AIM OF THE TASK
From the entries below, copy exactly the lines from the one that contains "using s by (intro" through the one that contains "gen h \<in>", both included, and only those.

Collected data entries:
+ + + + +
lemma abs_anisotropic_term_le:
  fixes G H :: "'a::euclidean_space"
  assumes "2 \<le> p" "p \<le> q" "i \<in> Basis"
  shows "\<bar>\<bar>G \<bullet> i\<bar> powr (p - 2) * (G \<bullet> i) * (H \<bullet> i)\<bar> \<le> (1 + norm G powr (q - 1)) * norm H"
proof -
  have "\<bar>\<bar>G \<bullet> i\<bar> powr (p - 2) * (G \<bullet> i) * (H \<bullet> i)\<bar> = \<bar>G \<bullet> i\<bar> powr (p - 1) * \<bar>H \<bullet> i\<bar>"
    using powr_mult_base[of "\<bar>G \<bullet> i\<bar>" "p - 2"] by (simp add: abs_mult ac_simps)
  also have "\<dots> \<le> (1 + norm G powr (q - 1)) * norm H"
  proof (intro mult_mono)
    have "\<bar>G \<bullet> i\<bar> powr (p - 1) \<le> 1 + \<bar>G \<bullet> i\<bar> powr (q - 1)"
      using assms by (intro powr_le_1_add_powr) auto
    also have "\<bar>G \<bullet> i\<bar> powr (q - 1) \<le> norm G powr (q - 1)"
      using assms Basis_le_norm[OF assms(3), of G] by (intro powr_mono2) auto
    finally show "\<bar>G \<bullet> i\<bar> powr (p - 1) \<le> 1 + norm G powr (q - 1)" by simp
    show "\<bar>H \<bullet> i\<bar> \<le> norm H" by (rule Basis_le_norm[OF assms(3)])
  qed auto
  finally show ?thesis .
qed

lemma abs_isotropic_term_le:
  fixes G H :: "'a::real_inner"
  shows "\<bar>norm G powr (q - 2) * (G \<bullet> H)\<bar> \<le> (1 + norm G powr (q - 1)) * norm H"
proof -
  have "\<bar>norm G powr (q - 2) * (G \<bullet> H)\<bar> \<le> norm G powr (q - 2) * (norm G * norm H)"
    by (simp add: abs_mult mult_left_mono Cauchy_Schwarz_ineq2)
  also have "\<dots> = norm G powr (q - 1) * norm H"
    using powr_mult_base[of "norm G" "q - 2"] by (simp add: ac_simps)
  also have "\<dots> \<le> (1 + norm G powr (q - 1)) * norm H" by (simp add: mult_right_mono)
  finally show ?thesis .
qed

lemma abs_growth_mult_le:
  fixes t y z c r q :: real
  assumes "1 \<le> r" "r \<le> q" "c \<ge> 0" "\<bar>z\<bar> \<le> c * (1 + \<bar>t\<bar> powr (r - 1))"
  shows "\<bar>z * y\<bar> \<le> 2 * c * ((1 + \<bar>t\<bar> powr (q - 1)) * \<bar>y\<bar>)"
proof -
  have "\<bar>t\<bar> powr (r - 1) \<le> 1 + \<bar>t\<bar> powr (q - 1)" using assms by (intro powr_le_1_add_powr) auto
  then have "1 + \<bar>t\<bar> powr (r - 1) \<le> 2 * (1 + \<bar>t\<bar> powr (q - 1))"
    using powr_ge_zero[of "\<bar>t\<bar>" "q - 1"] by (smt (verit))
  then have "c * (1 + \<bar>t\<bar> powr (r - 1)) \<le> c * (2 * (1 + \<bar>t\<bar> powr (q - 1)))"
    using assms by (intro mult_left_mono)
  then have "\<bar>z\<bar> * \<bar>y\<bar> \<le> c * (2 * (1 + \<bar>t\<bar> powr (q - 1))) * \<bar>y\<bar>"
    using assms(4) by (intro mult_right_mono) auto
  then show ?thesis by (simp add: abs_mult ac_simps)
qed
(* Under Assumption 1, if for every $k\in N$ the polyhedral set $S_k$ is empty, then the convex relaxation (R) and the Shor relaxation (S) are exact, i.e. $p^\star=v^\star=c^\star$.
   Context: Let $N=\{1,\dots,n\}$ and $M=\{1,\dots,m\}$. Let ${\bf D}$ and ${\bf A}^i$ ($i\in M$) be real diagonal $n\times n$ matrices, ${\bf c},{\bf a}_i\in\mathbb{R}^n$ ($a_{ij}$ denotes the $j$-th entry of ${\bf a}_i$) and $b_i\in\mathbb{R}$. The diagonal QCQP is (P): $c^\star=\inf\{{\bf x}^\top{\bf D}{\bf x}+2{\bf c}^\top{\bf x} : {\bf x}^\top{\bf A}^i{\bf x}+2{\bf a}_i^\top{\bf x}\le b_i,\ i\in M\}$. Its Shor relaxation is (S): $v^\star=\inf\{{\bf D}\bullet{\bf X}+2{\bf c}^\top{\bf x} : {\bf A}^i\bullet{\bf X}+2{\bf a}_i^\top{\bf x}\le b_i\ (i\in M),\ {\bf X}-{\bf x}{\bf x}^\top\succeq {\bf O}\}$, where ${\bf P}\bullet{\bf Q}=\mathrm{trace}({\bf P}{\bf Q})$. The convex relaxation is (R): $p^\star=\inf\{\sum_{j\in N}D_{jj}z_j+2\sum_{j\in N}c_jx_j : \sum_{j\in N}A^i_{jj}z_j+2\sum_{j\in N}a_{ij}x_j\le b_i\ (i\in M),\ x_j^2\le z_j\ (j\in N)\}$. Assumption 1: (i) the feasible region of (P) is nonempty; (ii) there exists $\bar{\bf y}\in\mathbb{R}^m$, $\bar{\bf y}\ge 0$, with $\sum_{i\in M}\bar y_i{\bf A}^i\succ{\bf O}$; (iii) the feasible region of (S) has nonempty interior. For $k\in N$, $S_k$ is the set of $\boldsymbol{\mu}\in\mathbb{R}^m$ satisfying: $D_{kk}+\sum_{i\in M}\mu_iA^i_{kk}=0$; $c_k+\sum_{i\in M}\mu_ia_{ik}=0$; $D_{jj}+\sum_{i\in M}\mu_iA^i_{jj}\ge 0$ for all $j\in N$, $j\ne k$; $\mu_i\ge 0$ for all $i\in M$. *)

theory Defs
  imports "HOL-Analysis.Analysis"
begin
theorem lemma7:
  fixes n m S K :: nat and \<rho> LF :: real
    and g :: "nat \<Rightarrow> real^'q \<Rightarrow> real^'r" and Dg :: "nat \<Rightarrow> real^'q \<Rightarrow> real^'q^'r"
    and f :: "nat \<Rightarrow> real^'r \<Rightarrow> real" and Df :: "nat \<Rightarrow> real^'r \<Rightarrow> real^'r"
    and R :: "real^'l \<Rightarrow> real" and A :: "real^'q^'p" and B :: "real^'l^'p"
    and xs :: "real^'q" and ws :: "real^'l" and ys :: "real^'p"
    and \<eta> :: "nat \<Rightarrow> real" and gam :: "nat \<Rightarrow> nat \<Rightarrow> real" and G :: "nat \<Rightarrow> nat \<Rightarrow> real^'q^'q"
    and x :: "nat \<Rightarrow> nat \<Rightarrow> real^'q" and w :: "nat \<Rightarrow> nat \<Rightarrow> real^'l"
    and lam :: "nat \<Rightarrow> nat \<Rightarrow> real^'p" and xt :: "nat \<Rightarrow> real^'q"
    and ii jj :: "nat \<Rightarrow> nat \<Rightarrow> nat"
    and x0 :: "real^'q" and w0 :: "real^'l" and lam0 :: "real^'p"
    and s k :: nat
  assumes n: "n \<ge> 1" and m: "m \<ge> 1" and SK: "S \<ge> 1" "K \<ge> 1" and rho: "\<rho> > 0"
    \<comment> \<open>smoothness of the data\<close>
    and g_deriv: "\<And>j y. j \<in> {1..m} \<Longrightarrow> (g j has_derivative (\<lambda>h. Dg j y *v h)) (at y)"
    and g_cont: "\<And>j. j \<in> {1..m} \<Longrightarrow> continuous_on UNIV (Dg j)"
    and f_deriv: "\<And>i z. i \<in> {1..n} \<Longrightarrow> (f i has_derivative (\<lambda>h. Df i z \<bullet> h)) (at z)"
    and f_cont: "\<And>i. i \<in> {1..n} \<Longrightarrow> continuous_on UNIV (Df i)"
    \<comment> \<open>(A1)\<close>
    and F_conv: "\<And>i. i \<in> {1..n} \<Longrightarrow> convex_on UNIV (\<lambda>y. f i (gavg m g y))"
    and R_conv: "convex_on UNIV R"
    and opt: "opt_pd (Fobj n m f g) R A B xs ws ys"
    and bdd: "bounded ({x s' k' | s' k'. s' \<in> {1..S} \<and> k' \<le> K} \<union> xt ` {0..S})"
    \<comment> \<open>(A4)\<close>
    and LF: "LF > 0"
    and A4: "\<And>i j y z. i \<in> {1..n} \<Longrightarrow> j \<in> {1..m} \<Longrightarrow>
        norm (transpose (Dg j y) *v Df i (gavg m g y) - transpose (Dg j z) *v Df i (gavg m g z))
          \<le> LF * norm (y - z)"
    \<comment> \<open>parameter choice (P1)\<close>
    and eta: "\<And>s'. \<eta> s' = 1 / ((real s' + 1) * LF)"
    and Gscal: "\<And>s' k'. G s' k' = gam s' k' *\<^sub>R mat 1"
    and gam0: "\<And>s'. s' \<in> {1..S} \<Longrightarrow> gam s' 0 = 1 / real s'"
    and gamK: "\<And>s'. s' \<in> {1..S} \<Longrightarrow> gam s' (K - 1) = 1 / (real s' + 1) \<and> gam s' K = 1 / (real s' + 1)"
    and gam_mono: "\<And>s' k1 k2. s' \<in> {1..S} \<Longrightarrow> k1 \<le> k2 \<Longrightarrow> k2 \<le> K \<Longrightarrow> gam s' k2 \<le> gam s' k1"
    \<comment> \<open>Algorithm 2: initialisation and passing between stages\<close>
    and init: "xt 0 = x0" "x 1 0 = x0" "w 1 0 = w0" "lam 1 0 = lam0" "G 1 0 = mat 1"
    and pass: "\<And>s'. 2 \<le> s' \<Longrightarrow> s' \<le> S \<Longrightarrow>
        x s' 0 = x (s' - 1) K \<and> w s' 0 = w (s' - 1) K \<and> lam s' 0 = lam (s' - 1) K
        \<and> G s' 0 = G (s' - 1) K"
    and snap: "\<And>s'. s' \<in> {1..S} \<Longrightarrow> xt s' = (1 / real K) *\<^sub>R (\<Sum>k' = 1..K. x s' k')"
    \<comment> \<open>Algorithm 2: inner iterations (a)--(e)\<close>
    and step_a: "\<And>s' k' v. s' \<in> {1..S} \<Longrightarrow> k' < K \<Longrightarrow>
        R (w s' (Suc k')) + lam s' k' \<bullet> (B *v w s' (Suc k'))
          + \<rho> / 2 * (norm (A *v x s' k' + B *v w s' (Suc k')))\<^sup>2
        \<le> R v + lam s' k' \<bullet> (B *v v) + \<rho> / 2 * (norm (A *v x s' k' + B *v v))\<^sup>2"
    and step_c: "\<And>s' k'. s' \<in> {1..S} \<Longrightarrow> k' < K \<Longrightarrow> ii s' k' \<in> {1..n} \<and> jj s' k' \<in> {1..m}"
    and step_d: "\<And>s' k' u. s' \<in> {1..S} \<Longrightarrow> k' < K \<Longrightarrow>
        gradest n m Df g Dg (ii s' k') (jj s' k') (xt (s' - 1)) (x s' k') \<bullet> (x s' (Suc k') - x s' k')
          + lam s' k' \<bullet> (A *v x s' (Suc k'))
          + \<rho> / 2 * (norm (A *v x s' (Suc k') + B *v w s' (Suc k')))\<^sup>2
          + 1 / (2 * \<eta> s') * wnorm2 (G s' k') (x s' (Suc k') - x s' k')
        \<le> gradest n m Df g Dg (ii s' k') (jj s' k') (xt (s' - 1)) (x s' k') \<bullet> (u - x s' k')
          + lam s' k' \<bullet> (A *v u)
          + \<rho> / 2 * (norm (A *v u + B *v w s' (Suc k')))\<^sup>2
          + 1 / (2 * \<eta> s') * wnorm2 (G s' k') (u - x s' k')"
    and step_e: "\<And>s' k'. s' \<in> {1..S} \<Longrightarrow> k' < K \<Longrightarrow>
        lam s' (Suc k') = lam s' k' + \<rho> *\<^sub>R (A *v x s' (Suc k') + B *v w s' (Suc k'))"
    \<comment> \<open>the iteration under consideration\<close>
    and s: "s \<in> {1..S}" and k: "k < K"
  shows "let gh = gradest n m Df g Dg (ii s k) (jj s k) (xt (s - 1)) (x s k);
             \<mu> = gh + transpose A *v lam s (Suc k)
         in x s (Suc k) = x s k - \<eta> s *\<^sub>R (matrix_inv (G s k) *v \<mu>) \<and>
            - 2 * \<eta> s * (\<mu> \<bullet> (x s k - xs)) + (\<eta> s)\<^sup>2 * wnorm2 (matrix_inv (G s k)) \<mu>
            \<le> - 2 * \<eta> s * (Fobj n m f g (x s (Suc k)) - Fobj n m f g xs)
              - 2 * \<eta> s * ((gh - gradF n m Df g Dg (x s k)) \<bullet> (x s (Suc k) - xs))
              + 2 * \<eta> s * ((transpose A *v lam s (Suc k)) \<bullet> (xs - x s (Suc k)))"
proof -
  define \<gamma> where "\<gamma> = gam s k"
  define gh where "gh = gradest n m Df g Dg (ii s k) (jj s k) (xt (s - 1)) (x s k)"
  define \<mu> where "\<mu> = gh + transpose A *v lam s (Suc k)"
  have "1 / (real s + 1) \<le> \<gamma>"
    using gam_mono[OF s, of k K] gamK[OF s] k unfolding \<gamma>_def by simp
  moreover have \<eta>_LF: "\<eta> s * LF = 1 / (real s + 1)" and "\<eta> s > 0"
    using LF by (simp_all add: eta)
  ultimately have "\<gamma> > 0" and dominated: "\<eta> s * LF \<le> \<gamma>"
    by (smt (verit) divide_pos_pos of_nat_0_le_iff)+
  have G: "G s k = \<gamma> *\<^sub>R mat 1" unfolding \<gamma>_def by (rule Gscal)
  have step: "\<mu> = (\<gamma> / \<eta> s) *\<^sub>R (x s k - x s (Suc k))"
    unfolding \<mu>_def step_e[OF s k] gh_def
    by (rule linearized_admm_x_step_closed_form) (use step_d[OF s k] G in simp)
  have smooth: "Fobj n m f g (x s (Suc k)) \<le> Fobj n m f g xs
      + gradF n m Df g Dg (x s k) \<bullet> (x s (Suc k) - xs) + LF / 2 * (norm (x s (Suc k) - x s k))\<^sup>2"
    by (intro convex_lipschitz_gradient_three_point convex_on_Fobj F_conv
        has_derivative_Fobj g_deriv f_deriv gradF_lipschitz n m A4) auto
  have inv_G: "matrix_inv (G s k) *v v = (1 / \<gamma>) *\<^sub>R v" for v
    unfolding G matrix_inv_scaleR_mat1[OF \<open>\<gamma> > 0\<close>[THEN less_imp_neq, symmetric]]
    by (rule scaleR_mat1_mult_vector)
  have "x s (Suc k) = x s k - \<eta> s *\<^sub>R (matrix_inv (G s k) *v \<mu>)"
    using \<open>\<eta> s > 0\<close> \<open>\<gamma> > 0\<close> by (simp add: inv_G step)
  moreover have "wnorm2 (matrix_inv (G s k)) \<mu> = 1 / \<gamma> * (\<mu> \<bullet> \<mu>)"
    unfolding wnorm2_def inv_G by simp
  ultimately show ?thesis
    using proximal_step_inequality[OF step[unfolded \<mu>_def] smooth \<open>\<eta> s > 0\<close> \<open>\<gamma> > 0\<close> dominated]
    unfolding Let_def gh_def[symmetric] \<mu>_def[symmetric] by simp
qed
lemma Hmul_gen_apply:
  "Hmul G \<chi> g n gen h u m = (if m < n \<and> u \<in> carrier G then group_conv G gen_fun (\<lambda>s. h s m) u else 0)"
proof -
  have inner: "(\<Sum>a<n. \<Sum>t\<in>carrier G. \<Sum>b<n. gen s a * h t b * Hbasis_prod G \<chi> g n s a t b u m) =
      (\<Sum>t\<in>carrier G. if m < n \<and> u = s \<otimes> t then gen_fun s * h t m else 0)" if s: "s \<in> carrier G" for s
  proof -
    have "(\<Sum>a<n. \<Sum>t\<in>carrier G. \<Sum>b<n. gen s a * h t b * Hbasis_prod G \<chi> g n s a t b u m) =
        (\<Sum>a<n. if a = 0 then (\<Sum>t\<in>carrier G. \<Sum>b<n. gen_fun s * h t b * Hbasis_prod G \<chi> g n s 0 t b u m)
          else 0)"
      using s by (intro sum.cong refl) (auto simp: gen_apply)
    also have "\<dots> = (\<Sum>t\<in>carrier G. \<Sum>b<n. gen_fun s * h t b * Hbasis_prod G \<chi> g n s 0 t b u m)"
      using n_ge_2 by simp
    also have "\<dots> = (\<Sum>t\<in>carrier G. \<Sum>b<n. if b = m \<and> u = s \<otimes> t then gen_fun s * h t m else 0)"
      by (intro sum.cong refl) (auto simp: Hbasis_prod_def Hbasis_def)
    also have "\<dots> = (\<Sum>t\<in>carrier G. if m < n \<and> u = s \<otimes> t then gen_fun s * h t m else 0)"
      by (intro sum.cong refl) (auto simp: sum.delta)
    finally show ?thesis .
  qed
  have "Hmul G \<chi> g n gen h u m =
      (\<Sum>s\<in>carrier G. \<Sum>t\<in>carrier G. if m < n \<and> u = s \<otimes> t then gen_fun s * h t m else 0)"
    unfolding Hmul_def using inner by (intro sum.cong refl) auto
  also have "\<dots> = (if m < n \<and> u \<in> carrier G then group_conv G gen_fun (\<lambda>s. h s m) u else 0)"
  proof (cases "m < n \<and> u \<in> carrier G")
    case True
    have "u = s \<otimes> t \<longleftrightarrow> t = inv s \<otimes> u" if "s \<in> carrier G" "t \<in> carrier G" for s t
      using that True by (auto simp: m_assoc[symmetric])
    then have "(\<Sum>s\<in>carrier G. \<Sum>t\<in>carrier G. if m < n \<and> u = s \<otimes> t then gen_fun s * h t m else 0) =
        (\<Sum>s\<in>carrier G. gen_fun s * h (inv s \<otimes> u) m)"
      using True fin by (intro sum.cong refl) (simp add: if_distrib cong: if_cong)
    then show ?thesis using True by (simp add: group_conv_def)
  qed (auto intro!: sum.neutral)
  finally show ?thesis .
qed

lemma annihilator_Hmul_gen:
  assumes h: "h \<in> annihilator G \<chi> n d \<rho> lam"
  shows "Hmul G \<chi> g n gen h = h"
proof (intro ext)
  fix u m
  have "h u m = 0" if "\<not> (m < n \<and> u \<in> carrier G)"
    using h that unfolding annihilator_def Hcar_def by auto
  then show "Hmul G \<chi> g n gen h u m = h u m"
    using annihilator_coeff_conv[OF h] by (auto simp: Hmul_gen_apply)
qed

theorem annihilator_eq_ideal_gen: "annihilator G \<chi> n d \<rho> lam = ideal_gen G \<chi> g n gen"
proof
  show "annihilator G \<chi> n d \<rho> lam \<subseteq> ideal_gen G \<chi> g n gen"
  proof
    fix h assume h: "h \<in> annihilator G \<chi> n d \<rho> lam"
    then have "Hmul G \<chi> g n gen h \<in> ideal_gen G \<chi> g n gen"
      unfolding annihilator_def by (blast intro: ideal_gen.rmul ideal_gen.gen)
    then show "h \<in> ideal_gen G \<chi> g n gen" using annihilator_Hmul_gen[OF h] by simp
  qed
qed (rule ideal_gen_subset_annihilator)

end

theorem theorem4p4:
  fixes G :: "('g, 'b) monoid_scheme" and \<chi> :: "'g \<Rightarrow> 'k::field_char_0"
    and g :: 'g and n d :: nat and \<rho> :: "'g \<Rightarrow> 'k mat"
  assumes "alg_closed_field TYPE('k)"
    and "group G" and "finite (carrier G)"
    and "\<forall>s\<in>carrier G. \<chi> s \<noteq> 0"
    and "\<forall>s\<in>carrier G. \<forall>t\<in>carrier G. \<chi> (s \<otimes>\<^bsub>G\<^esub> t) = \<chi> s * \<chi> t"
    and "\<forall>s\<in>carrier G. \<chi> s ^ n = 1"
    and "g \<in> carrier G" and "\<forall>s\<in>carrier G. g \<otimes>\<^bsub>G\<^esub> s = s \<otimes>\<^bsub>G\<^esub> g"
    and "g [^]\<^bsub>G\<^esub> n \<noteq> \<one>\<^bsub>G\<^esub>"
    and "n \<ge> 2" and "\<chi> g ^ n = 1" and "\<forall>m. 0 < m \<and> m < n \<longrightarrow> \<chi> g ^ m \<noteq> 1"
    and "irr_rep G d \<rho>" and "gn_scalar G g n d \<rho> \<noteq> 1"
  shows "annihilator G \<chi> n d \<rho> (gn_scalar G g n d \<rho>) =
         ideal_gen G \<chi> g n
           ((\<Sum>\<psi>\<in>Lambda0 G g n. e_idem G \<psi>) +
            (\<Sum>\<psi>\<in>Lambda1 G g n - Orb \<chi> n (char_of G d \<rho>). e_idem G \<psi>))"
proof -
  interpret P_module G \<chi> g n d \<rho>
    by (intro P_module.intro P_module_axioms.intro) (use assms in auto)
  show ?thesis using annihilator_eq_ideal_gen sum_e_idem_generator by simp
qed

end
+ + + + +
RESULT FOR THIS TASK
      using s by (intro sum.cong refl) (auto simp: gen_apply)
    also have "\<dots> = (\<Sum>t\<in>carrier G. \<Sum>b<n. gen_fun s * h t b * Hbasis_prod G \<chi> g n s 0 t b u m)"
      using n_ge_2 by simp
    also have "\<dots> = (\<Sum>t\<in>carrier G. \<Sum>b<n. if b = m \<and> u = s \<otimes> t then gen_fun s * h t m else 0)"
      by (intro sum.cong refl) (auto simp: Hbasis_prod_def Hbasis_def)
    also have "\<dots> = (\<Sum>t\<in>carrier G. if m < n \<and> u = s \<otimes> t then gen_fun s * h t m else 0)"
      by (intro sum.cong refl) (auto simp: sum.delta)
    finally show ?thesis .
  qed
  have "Hmul G \<chi> g n gen h u m =
      (\<Sum>s\<in>carrier G. \<Sum>t\<in>carrier G. if m < n \<and> u = s \<otimes> t then gen_fun s * h t m else 0)"
    unfolding Hmul_def using inner by (intro sum.cong refl) auto
  also have "\<dots> = (if m < n \<and> u \<in> carrier G then group_conv G gen_fun (\<lambda>s. h s m) u else 0)"
  proof (cases "m < n \<and> u \<in> carrier G")
    case True
    have "u = s \<otimes> t \<longleftrightarrow> t = inv s \<otimes> u" if "s \<in> carrier G" "t \<in> carrier G" for s t
      using that True by (auto simp: m_assoc[symmetric])
    then have "(\<Sum>s\<in>carrier G. \<Sum>t\<in>carrier G. if m < n \<and> u = s \<otimes> t then gen_fun s * h t m else 0) =
        (\<Sum>s\<in>carrier G. gen_fun s * h (inv s \<otimes> u) m)"
      using True fin by (intro sum.cong refl) (simp add: if_distrib cong: if_cong)
    then show ?thesis using True by (simp add: group_conv_def)
  qed (auto intro!: sum.neutral)
  finally show ?thesis .
qed

lemma annihilator_Hmul_gen:
  assumes h: "h \<in> annihilator G \<chi> n d \<rho> lam"
  shows "Hmul G \<chi> g n gen h = h"
proof (intro ext)
  fix u m
  have "h u m = 0" if "\<not> (m < n \<and> u \<in> carrier G)"
    using h that unfolding annihilator_def Hcar_def by auto
  then show "Hmul G \<chi> g n gen h u m = h u m"
    using annihilator_coeff_conv[OF h] by (auto simp: Hmul_gen_apply)
qed

theorem annihilator_eq_ideal_gen: "annihilator G \<chi> n d \<rho> lam = ideal_gen G \<chi> g n gen"
proof
  show "annihilator G \<chi> n d \<rho> lam \<subseteq> ideal_gen G \<chi> g n gen"
  proof
    fix h assume h: "h \<in> annihilator G \<chi> n d \<rho> lam"
    then have "Hmul G \<chi> g n gen h \<in> ideal_gen G \<chi> g n gen"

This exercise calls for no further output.